The power function of a test is then defined as : \begin{align} \pi(\theta) = E_\theta(\phi(X_n) \forall \theta \in \Theta \end{align}
The probability of committing a type I error is $\alpha$ because : \begin{align} \alpha &= E_{\theta_0}(\phi(x) \\ &= 1 \times P(-\sum_{i=1}^n ln(X_i) > \theta_0^{-1}G_n^{-1}(1-\alpha)) + \gamma \times P(-\sum_{i=1}^n ln(X_i) = \theta_0^{-1}G_n^{-1}(1-\alpha)) \end{align}
I have noted that : \begin{align} P(-\sum_{i=1}^n ln(X_i) > \theta_0^{-1}G_n^{-1}(1-\alpha)) \\ \Leftrightarrow P(\sum_{i=1}^n ln(X_i) < G_{n,\theta_0^{-1}}(1-\alpha)) = \alpha \end{align} Therefore I found an explicit expression for the probability of type I error : \begin{align} P(\sum_{i=1}^n ln(X_i) < G_{n,\theta_0^{-1}}(1-\alpha)) = \alpha \end{align} This is assuming that $P(-\sum_{i=1}^n ln(X_i) = \theta_0^{-1}G_n^{-1}(1-\alpha)) = 0$ which I think is a reasonable assumption to make if the distribution is continuous, the probability of it taking a finite value is 0.
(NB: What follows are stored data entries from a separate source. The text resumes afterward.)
(* Let $a>0$, $\gamma\in(\tfrac12,1]$, and let $f$ be an $a$-periodic function with $f\in L_1(0,a)$ whose Fourier coefficients $f_n=\frac1a\int_0^af(x)e^{-2\pi inx/a}dx$ satisfy $\{f_n\}_{n\in\mathbb Z}\in l^1(\mathbb Z)$. Let $\xi\in\overline{\mathbb C_+}$ with $\frac{a\xi}{2\pi}\notin\mathbb Z$. Then for every $x\ge0$ the improper integral $\int_x^\infty\frac{e^{i\xi t}f(t)}{(t+1)^\gamma}dt$ exists and $$\Big|e^{-i\xi x}\int_x^\infty\frac{e^{i\xi t}f(t)}{(t+1)^\gamma}dt\Big|\le2\Big(\sum_{n=-\infty}^{+\infty}\frac{|f_n|}{|\xi+\frac{2\pi n}a|}\Big)\frac1{(x+1)^\gamma}.$$ *)

theory Defs
  imports "HOL-Analysis.Analysis"
begin

definition fourier_coeff :: "real \<Rightarrow> (real \<Rightarrow> complex) \<Rightarrow> int \<Rightarrow> complex" where
  "fourier_coeff a f n =
     (1 / complex_of_real a) *
     integral {0..a} (\<lambda>t. f t * exp (- (2 * complex_of_real pi * \<i> * of_int n * complex_of_real t)
                                        / complex_of_real a))"

definition has_improper_integral_from :: "(real \<Rightarrow> complex) \<Rightarrow> real \<Rightarrow> complex \<Rightarrow> bool" where
  "has_improper_integral_from g x I \<longleftrightarrow>
     (\<forall>T\<ge>x. g integrable_on {x..T}) \<and> ((\<lambda>T. integral {x..T} g) \<longlongrightarrow> I) at_top"

end

theory Submission
  imports Defs "HOL-Library.Nat_Bijection"
begin

text \<open>
  The Fourier series \<open>g\<close> of \<open>f\<close> converges absolutely, and \<open>f = g\<close> almost everywhere:
  \<open>f - g\<close> is integrable with vanishing Fourier coefficients, hence orthogonal to all
  trigonometric polynomials, hence (Stone--Weierstrass) to all continuous periodic functions,
  hence to the indicators of intervals, and Lebesgue's differentiation theorem makes it vanish
  almost everywhere.

  Integrating termwise, \<open>G t = \<Sum>n. f_n exp (i k_n t) / (i k_n)\<close> with \<open>k_n = \<xi> + 2\<pi>n/a\<close>
  is a primitive of \<open>exp (i \<xi> t) g t\<close>, and \<open>|G t| \<le> exp (- t Im \<xi>) S\<close> with
  \<open>S = \<Sum>n. |f_n| / |k_n|\<close>, which is finite because the non-resonance condition keeps the
  \<open>k_n\<close> away from \<open>0\<close>. Integration by parts against the decreasing weight
  \<open>w t = (t + 1) powr - \<gamma>\<close> writes the integral over \<open>[x, T]\<close> as
  \<open>G T w T - G x w x - \<integral>\<^sub>x\<^sup>T G w'\<close>. As \<open>M = exp (- x Im \<xi>) S\<close> bounds \<open>|G|\<close> on
  \<open>[x, \<infinity>)\<close>, the last integral converges as \<open>T \<rightarrow> \<infinity>\<close> and the three terms are bounded
  by \<open>M w T + M w x + M (w x - w T) = 2 M w x\<close>.
\<close>

section \<open>Integrals of products and of series\<close>

lemma absolutely_integrable_continuous_mult:
  fixes h \<phi> :: "real \<Rightarrow> complex"
  assumes "h absolutely_integrable_on {s..t}" "continuous_on {s..t} \<phi>"
  shows "(\<lambda>x. \<phi> x * h x) absolutely_integrable_on {s..t}"
proof (rule absolutely_integrable_bounded_measurable_product[where h="(*)"])
  show "bilinear ((*) :: complex \<Rightarrow> _)" by (simp add: bilinear_times)
  show "\<phi> \<in> borel_measurable (lebesgue_on {s..t})"
    using assms(2) by (simp add: continuous_imp_measurable_on_sets_lebesgue)
  show "bounded (\<phi> ` {s..t})"
    using assms(2) compact_Icc compact_continuous_image compact_imp_bounded by blast
qed (use assms in auto)

lemma integrable_continuous_mult:
  fixes h \<phi> :: "real \<Rightarrow> complex"
  assumes "h absolutely_integrable_on {s..t}" "continuous_on {s..t} \<phi>"
  shows "(\<lambda>x. \<phi> x * h x) integrable_on {s..t}"
  using absolutely_integrable_continuous_mult[OF assms] by (rule set_lebesgue_integral_eq_integral)

lemma sums_integral_suminf:
  fixes F :: "nat \<Rightarrow> real \<Rightarrow> complex"
  assumes B: "summable B"
    and bound: "\<And>m u. u \<in> {s..t} \<Longrightarrow> norm (F m u) \<le> B m"
    and cont: "\<And>m. continuous_on {s..t} (F m)"
  shows "(\<lambda>m. integral {s..t} (F m)) sums integral {s..t} (\<lambda>u. \<Sum>m. F m u)"
    and "(\<lambda>u. \<Sum>m. F m u) integrable_on {s..t}"
proof -
  have "uniform_limit {s..t} (\<lambda>k u. \<Sum>m<k. F m u) (\<lambda>u. \<Sum>m. F m u) sequentially"
    by (rule Weierstrass_m_test[OF bound B]) simp
  then obtain I J where I: "\<And>k. ((\<lambda>u. \<Sum>m<k. F m u) has_integral I k) {s..t}"
    and J: "((\<lambda>u. \<Sum>m. F m u) has_integral J) {s..t}" and IJ: "I \<longlonglongrightarrow> J"
    by (rule uniform_limit_integral) (auto intro: continuous_on_sum cont)
  have "I = (\<lambda>k. \<Sum>m<k. integral {s..t} (F m))"
    using integral_unique[OF I] integral_sum[of "{..<_}" F "{s..t}"]
    by (simp add: integrable_continuous_interval cont)
  with IJ show "(\<lambda>m. integral {s..t} (F m)) sums integral {s..t} (\<lambda>u. \<Sum>m. F m u)"
    unfolding sums_def integral_unique[OF J] by simp
  from J show "(\<lambda>u. \<Sum>m. F m u) integrable_on {s..t}" by blast
qed

lemma norm_exp_i_mult: "norm (exp (\<i> * k * of_real t)) = exp (- Im k * t)"
  by (simp add: norm_exp_eq_Re)

lemma norm_exp_i_mult_le:
  assumes "u \<in> {s..t}"
  shows "norm (exp (\<i> * k * of_real u)) \<le> exp (\<bar>Im k\<bar> * (\<bar>s\<bar> + \<bar>t\<bar>))"
proof -
  have "- Im k * u \<le> \<bar>Im k\<bar> * \<bar>u\<bar>"
    by (metis abs_ge_minus_self abs_mult mult_minus_left)
  also have "\<dots> \<le> \<bar>Im k\<bar> * (\<bar>s\<bar> + \<bar>t\<bar>)"
    using assms by (intro mult_left_mono) auto
  finally show ?thesis
    by (simp add: norm_exp_i_mult)
qed

lemma has_integral_exp_i_mult:
  fixes k :: complex
  assumes "k \<noteq> 0" "s \<le> t"
  shows "((\<lambda>u. exp (\<i> * k * of_real u)) has_integral
           (exp (\<i> * k * of_real t) - exp (\<i> * k * of_real s)) / (\<i> * k)) {s..t}"
proof -
  have "((\<lambda>u. exp (\<i> * k * of_real u) / (\<i> * k)) has_vector_derivative exp (\<i> * k * of_real u))
      (at u within {s..t})" for u
  proof -
    have "((\<lambda>z. exp (\<i> * k * z) / (\<i> * k)) has_field_derivative exp (\<i> * k * of_real u))
        (at (of_real u))"
      using assms(1) by (auto intro!: derivative_eq_intros)
    from has_vector_derivative_real_field[OF this] show ?thesis by simp
  qed
  from fundamental_theorem_of_calculus[OF assms(2) this]
  show ?thesis by (simp add: diff_divide_distrib)
qed

section \<open>Uniqueness of Fourier coefficients\<close>

definition fourier_exp :: "real \<Rightarrow> int \<Rightarrow> real \<Rightarrow> complex" where
  "fourier_exp a n t = exp (\<i> * of_real (2 * pi * of_int n * t / a))"

lemma fourier_exp_eq_exp: "fourier_exp a n t = exp (\<i> * of_real (2 * pi * of_int n / a) * of_real t)"
  unfolding fourier_exp_def by (simp add: algebra_simps)

lemma fourier_exp_mult: "fourier_exp a n t * fourier_exp a m t = fourier_exp a (n + m) t"
  unfolding fourier_exp_eq_exp exp_add[symmetric] by (simp add: algebra_simps add_divide_distrib)

lemma fourier_exp_0 [simp]: "fourier_exp a 0 t = 1"
  by (simp add: fourier_exp_def)

lemma fourier_exp_at_0 [simp]: "fourier_exp a n 0 = 1"
  by (simp add: fourier_exp_def)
Nevertheless, I don't know how to compute the type 2 error which is defined as : \begin{align} 1 - E_{\theta_1}(\phi(x)) \end{align}
N.B : I am asking this question for a homework therefore I am looking for hints rather than solutions.
Edit :
Finding the power function :
Actually, based on this I've found that :
\begin{align} P\Big(-\sum ln(X_i) > \theta_0^{-1}G^{-1}_n(1-\alpha \Big) &= 1 - P\Big(-\sum ln(X_i) < G_{n,\theta_0^{-1}}^{-1}(1-\alpha) \Big) \\ &= 1 -G_{n,\theta_0^{-1}} \end{align}
There is no closed form expression for the cdf of a Gamma distribution but I can plot the values of the power function for a sample size $n=20$ and a true parameter $\theta_0=2$ with the following line of R code :
plot(seq(1:100),1-pgamma(seq(1:100),20,0.5))
Which gives the following plot for my power function :
As known, $T=\Sigma_i \log X_i$ is CSS for $\theta$ thus, using a well known theorem on regular Exponential families, the critical region (rejection region) is
$$\mathbb{P}[T>c|\theta_0]=\alpha$$
knowing the distribution of $Y=-T$ (I prefer to indicate it as $\text{Gamma}(n;\theta)$) you get
$$\mathbb{P}[Y<k|\theta_0]=\alpha$$
Example: testing $H_0=1$ Vs $H_1>1$ with the random sample
$$\{0.6;0.7;0.4\}$$
we know that
$$(2Y|\theta_0=1)=-2\Sigma_i\log X_i\sim\chi_{(6)}^2$$
thus the critical region is
$$-2\Sigma_i\log X_i<1.64$$
As the give observation show:
$$-2\log(0.6\cdot0.7\cdot 0.4)=3.57$$
we cannot reject $H_0$
To evaluate Type II error, without fixing a specific value for $\theta_1$ you have to use the same procedure finding a power function; $\beta$ is its complement.